— Qu’est-ce que tu veux que je te dise ? Tu sais que c’est la seule solution ! dit une voix si lointaine qu’Élisabeth entendit un simple murmure.
— Non, je ne souhaite ça à personne, pas même à mon pire ennemi, fit une seconde, bien plus grave et étouffée.
— J’ignorais que tu avais un cœur ! C’est nouveau, ça vient de sortir ? J’peux toucher ?
— Jenny… ta main…
— Oh, pardon ! ria la femme avec espièglerie. Bon, on en fait quoi du coup ? T’es certain que tu ne préfères pas que…
— J’ai dit non.
— OK, c’est toi qui vois, c’est ton âme après tout !
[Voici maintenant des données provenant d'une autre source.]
lemma fourier_kernel_integrable_on:
  assumes "S \<in> lmeasurable"
  shows "(\<lambda>x. cis (- 2 * pi * x * \<xi>)) integrable_on S"
proof -
  have "(\<lambda>x. cis (- 2 * pi * x * \<xi>)) absolutely_integrable_on S"
  proof (rule measurable_bounded_by_integrable_imp_absolutely_integrable[where g="\<lambda>_. 1"])
    show "(\<lambda>x. cis (- 2 * pi * x * \<xi>)) \<in> borel_measurable (lebesgue_on S)"
      by (rule continuous_imp_measurable_on_sets_lebesgue)
        (auto intro!: continuous_intros fmeasurableD assms)
  qed (use assms in \<open>auto intro: fmeasurableD integrable_on_const\<close>)
  then show ?thesis
    using set_lebesgue_integral_eq_integral(1) by blast
qed

lemma indicator_fourier_Un:
  assumes "S \<in> lmeasurable" "T \<in> lmeasurable"
  shows "indicator_fourier (S \<union> T) \<xi> =
    indicator_fourier S \<xi> + indicator_fourier T \<xi> - indicator_fourier (S \<inter> T) \<xi>"
  unfolding indicator_fourier_def
  by (intro integral_Un_Int fourier_kernel_integrable_on assms fmeasurable.Int)

lemma norm_indicator_fourier_interval_le_length:
  assumes "\<alpha> \<le> \<beta>"
  shows "norm (indicator_fourier {\<alpha><..<\<beta>} \<xi>) \<le> \<beta> - \<alpha>"
proof -
  have "((\<lambda>x. cis (- 2 * pi * x * \<xi>)) has_integral indicator_fourier {\<alpha>..\<beta>} \<xi>) {\<alpha>..\<beta>}"
    unfolding indicator_fourier_def by (intro integrable_integral fourier_kernel_integrable_on) auto
  from has_integral_bound_real[where S="{}" and B=1, OF _ _ this]
  have "norm (indicator_fourier {\<alpha>..\<beta>} \<xi>) \<le> \<beta> - \<alpha>"
    using assms by auto
  then show ?thesis
    by (simp add: indicator_fourier_def integral_open_interval_real)
qed

lemma norm_indicator_fourier_interval_le_inverse:
  assumes "\<alpha> \<le> \<beta>" "\<xi> \<noteq> 0"
  shows "norm (indicator_fourier {\<alpha><..<\<beta>} \<xi>) \<le> 1 / (pi * \<bar>\<xi>\<bar>)"
proof -
  define c where "c = - 2 * pi * \<xi>"
  have "c \<noteq> 0"
    using assms by (simp add: c_def)
  define F where "F x = (- \<i> / of_real c) * cis (c * x)" for x
  have "(F has_vector_derivative cis (- 2 * pi * x * \<xi>)) (at x within {\<alpha>..\<beta>})" for x
  proof -
    have "((\<lambda>x. c * x) has_derivative (\<lambda>t. c * t)) (at x within {\<alpha>..\<beta>})"
      by (intro derivative_intros)
    from has_derivative_mult_right[OF has_derivative_cis[OF this], of "- \<i> / of_real c"]
    show ?thesis
      unfolding has_vector_derivative_def F_def
      by (rule has_derivative_eq_rhs)
        (use \<open>c \<noteq> 0\<close> in \<open>auto simp: c_def fun_eq_iff field_simps scaleR_conv_of_real mult_ac\<close>)
  qed
  then have "((\<lambda>x. cis (- 2 * pi * x * \<xi>)) has_integral (F \<beta> - F \<alpha>)) {\<alpha>..\<beta>}"
    by (intro fundamental_theorem_of_calculus assms) auto
  then have "indicator_fourier {\<alpha><..<\<beta>} \<xi> = F \<beta> - F \<alpha>"
    by (simp add: indicator_fourier_def integral_open_interval_real[symmetric] integral_unique)
  also have "norm (F \<beta> - F \<alpha>) \<le> norm (F \<beta>) + norm (F \<alpha>)"
    by (rule norm_triangle_ineq4)
  also have "\<dots> = 1 / (pi * \<bar>\<xi>\<bar>)"
    by (simp add: F_def c_def norm_divide norm_mult abs_mult)
  finally show ?thesis .
qed

lemma norm_indicator_fourier_interval_le:
  assumes "\<beta> - \<alpha> \<le> D" "0 \<le> D"
  shows "norm (indicator_fourier {\<alpha><..<\<beta>} \<xi>) \<le> (1 + 2 * D) / (1 + \<bar>\<xi>\<bar>)"
proof (cases "\<alpha> \<le> \<beta>")
  case False
  then show ?thesis
    using assms by (simp add: indicator_fourier_def)
next
  case True
  show ?thesis
  proof (cases "\<bar>\<xi>\<bar> \<le> 1")
    case True
    have "D * \<bar>\<xi>\<bar> \<le> D * 1"
      using True assms by (intro mult_left_mono) auto
    then have "D * (1 + \<bar>\<xi>\<bar>) \<le> 1 + 2 * D"
      using assms by (simp add: algebra_simps)
    then have "D \<le> (1 + 2 * D) / (1 + \<bar>\<xi>\<bar>)"
      by (simp add: field_simps)
    then show ?thesis
      using norm_indicator_fourier_interval_le_length[OF \<open>\<alpha> \<le> \<beta>\<close>, of \<xi>] assms by linarith
  next
    case False
    have "3 * \<bar>\<xi>\<bar> \<le> pi * \<bar>\<xi>\<bar>"
      using pi_gt3 by (intro mult_right_mono) auto
    then have "1 + \<bar>\<xi>\<bar> \<le> pi * \<bar>\<xi>\<bar>"
      using False by linarith
    then have "1 / (pi * \<bar>\<xi>\<bar>) \<le> 1 / (1 + \<bar>\<xi>\<bar>)"
      by (intro divide_left_mono) auto
    also have "\<dots> \<le> (1 + 2 * D) / (1 + \<bar>\<xi>\<bar>)"
      using assms by (intro divide_right_mono) auto
    finally show ?thesis
      using norm_indicator_fourier_interval_le_inverse[OF \<open>\<alpha> \<le> \<beta>\<close>, of \<xi>] False by force
  qed
qed

lemma norm_indicator_fourier_intervals_le:
  fixes a b :: "nat \<Rightarrow> real"
  assumes "0 \<le> D" "\<forall>j<n. b j - a j \<le> D"
  shows "norm (indicator_fourier (\<Union>j<n. {a j<..<b j}) \<xi>) \<le> (2 ^ n - 1) * ((1 + 2 * D) / (1 + \<bar>\<xi>\<bar>))"
  using assms(2)
proof (induction n arbitrary: a b)
  case 0
  then show ?case
    by (simp add: indicator_fourier_def)
next
  case (Suc n)
  let ?K = "(1 + 2 * D) / (1 + \<bar>\<xi>\<bar>)"
  let ?U = "\<Union>j<n. {a j<..<b j}" and ?I = "{a n<..<b n}"
  define a' where "a' j = max (a j) (a n)" for j
  define b' where "b' j = min (b j) (b n)" for j
  have "(\<Union>j<Suc n. {a j<..<b j}) = ?U \<union> ?I"
    by (auto simp: lessThan_Suc)
  moreover have "?U \<inter> ?I = (\<Union>j<n. {a' j<..<b' j})"
    by (auto simp: a'_def b'_def)
  moreover have "?U \<in> lmeasurable"
    by (intro fmeasurable.finite_UN) auto
  ultimately have "indicator_fourier (\<Union>j<Suc n. {a j<..<b j}) \<xi> =
      indicator_fourier ?U \<xi> + indicator_fourier ?I \<xi> - indicator_fourier (\<Union>j<n. {a' j<..<b' j}) \<xi>"
    by (metis indicator_fourier_Un lmeasurable_interval(2))
  also have "norm \<dots> \<le> norm (indicator_fourier ?U \<xi>) + norm (indicator_fourier ?I \<xi>)
      + norm (indicator_fourier (\<Union>j<n. {a' j<..<b' j}) \<xi>)"
    by (smt (verit) norm_triangle_ineq norm_triangle_ineq4)
  also have "\<dots> \<le> (2 ^ n - 1) * ?K + ?K + (2 ^ n - 1) * ?K"
  proof (intro add_mono)
    show "norm (indicator_fourier ?U \<xi>) \<le> (2 ^ n - 1) * ?K"
      using Suc by auto
    show "norm (indicator_fourier ?I \<xi>) \<le> ?K"
      using Suc.prems assms(1) by (intro norm_indicator_fourier_interval_le) auto
    show "norm (indicator_fourier (\<Union>j<n. {a' j<..<b' j}) \<xi>) \<le> (2 ^ n - 1) * ?K"
      using Suc.prems by (intro Suc.IH) (auto simp: a'_def b'_def)
  qed
  also have "\<dots> = (2 ^ Suc n - 1) * ?K"
    by (simp add: algebra_simps add_divide_distrib[symmetric])
  finally show ?case .
qed

lemma indicator_fourier_intervals_decay:
  fixes a b :: "nat \<Rightarrow> real"
  obtains K where "\<And>\<xi>. norm (indicator_fourier (\<Union>j<n. {a j<..<b j}) \<xi>) \<le> K / (1 + \<bar>\<xi>\<bar>)"
proof
  define D where "D = (\<Sum>j<n. \<bar>b j - a j\<bar>)"
  have "\<forall>j<n. b j - a j \<le> D"
    unfolding D_def by (smt (verit) finite_lessThan lessThan_iff member_le_sum abs_ge_zero)
  from norm_indicator_fourier_intervals_le[OF _ this]
  show "norm (indicator_fourier (\<Union>j<n. {a j<..<b j}) \<xi>) \<le> (2 ^ n - 1) * (1 + 2 * D) / (1 + \<bar>\<xi>\<bar>)"
    for \<xi> by (simp add: D_def sum_nonneg)
qed

lemma sum_inverse_square_separated_le:
  fixes F :: "real set"
  assumes "finite F" "\<delta> > 0" "\<forall>x\<in>F. \<forall>y\<in>F. x \<noteq> y \<longrightarrow> \<delta> \<le> \<bar>x - y\<bar>"
    and "m > 0" "\<forall>x\<in>F. m \<le> x"
  shows "(\<Sum>x\<in>F. 1 / x\<^sup>2) \<le> 1 / m\<^sup>2 + 1 / (\<delta> * m)"
  using assms(1,3-)
proof (induction F arbitrary: m rule: finite_remove_induct)
  case empty
  then show ?case
    using assms(2) by auto
next
  case (remove F)
  define x0 where "x0 = Min F"
  have "x0 \<in> F" "m \<le> x0" "0 < x0"
    using remove by (auto simp: x0_def)
  have "\<forall>x\<in>F - {x0}. x0 + \<delta> \<le> x"
    using remove.prems(1) \<open>x0 \<in> F\<close> remove.hyps(1) x0_def by force
  then have IH: "(\<Sum>x\<in>F - {x0}. 1 / x\<^sup>2) \<le> 1 / (x0 + \<delta>)\<^sup>2 + 1 / (\<delta> * (x0 + \<delta>))"
    using remove.prems(1) \<open>0 < x0\<close> assms(2) by (intro remove.IH[OF \<open>x0 \<in> F\<close>]) auto
  have "1 / (x0 + \<delta>)\<^sup>2 \<le> 1 / (x0 * (x0 + \<delta>))"
    using \<open>0 < x0\<close> assms(2)
    by (intro divide_left_mono) (auto simp: power2_eq_square intro!: mult_right_mono)
  moreover have "1 / (x0 * (x0 + \<delta>)) + 1 / (\<delta> * (x0 + \<delta>)) = 1 / (\<delta> * x0)"
    using \<open>0 < x0\<close> assms(2) by (simp add: divide_simps)
  moreover have "1 / x0\<^sup>2 \<le> 1 / m\<^sup>2" "1 / (\<delta> * x0) \<le> 1 / (\<delta> * m)"
    using \<open>m \<le> x0\<close> remove.prems(2) assms(2)
    by (auto intro!: divide_left_mono power_mono mult_left_mono)
  moreover have "(\<Sum>x\<in>F. 1 / x\<^sup>2) = 1 / x0\<^sup>2 + (\<Sum>x\<in>F - {x0}. 1 / x\<^sup>2)"
    using remove.hyps \<open>x0 \<in> F\<close> by (simp add: sum.remove)
  ultimately show ?case
    using IH by linarith
qed

lemma sum_inverse_square_shifted_separated_le:
  fixes F :: "real set"
  assumes "finite F" "\<delta> > 0" "\<forall>x\<in>F. \<forall>y\<in>F. x \<noteq> y \<longrightarrow> \<delta> \<le> \<bar>x - y\<bar>"
    and "R > 0" "\<forall>x\<in>F. R < x"
  shows "(\<Sum>x\<in>F. 1 / (1 + x)\<^sup>2) \<le> (1 + 1 / \<delta>) / R"
proof -
  have "(\<Sum>x\<in>F. 1 / (1 + x)\<^sup>2) = (\<Sum>y\<in>(+) 1 ` F. 1 / y\<^sup>2)"
    by (simp add: sum.reindex)
  also have "\<dots> \<le> 1 / (1 + R)\<^sup>2 + 1 / (\<delta> * (1 + R))"
    using assms by (intro sum_inverse_square_separated_le) auto
  also have "1 / (1 + R)\<^sup>2 \<le> 1 / R"
  proof (rule divide_left_mono)
    show "R \<le> (1 + R)\<^sup>2"
      using assms(4) by (simp add: power2_eq_square algebra_simps)
  qed (use assms(4) in auto)
  also have "1 / (\<delta> * (1 + R)) \<le> 1 / (\<delta> * R)"
    using assms(2,4) by (intro divide_left_mono mult_left_mono) auto
  also have "1 / R + 1 / (\<delta> * R) = (1 + 1 / \<delta>) / R"
    by (simp add: add_divide_distrib)
  finally show ?thesis
    by simp
qed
Les mots devenaient de plus en plus limpides pour la jeune femme qui s’éveillait progressivement d’un sommeil aussi sombre que les ténèbres. Ses paupières aussi lourdes que du plomb tentaient vainement de s’ouvrir au monde, mais elles restaient désespérément closes, comme si elle refusait une nouvelle fois la vérité.
— Dommage que son visage ne soit pas très harmonieux avec son corps aux formes généreuses… Enfin, façon de parler, puisqu’elle est morte ! Pauvre Grim, il va être jaloux à cause de ton nouvel animal de compagnie. Tu vas l’appeler comment ?
— Li… ly… souffla faiblement l’intéressée pour clouer le bec à cette voix insupportable qui l’arrachait de son moment de quiétude.
— Lily, répéta malicieusement la démone. C’est déjà moins ringard que « Élisabeth », ma chère ! Je valide ! Bon, sur ce, le devoir m’appelle. Aaron, je compte sur toi pour trouver une solution la concernant…
L’intéressé soupira et s’assit sur la table basse, attendant le claquement de la porte, et plus particulièrement le réveil de l’âme qui occupait bien trop d’espace dans cet appartement. Les paupières de Lily papillonnèrent, davantage pour la forme puisque la lumière perçante ne lui affectait aucunement la vue – en d’autres circonstances, elle aurait grogné contre ce faisceau intrusif. Sous le regard de cristal de son hôte, elle se redressa sans peine, presque brutalement, et resta là, les mains entrelacées sur les cuisses. Elle s’étonna un instant de pouvoir tenir cette position, les jambes parfaitement droites et perpendiculaires à son buste, avant de se souvenir de la raison : elle était morte, elle ne rêvait malheureusement pas.
— Je suis condamnée à porter mes dernières fringues pour le restant de l’éternité ? ironisa-t-elle, ses nerfs poussés à bout par l’intruse et le faucheur qui n’avait toujours pas esquissé le moindre geste. Je pourrai être nue, remarque. Ça aiderait peut-être ta langue à se délier…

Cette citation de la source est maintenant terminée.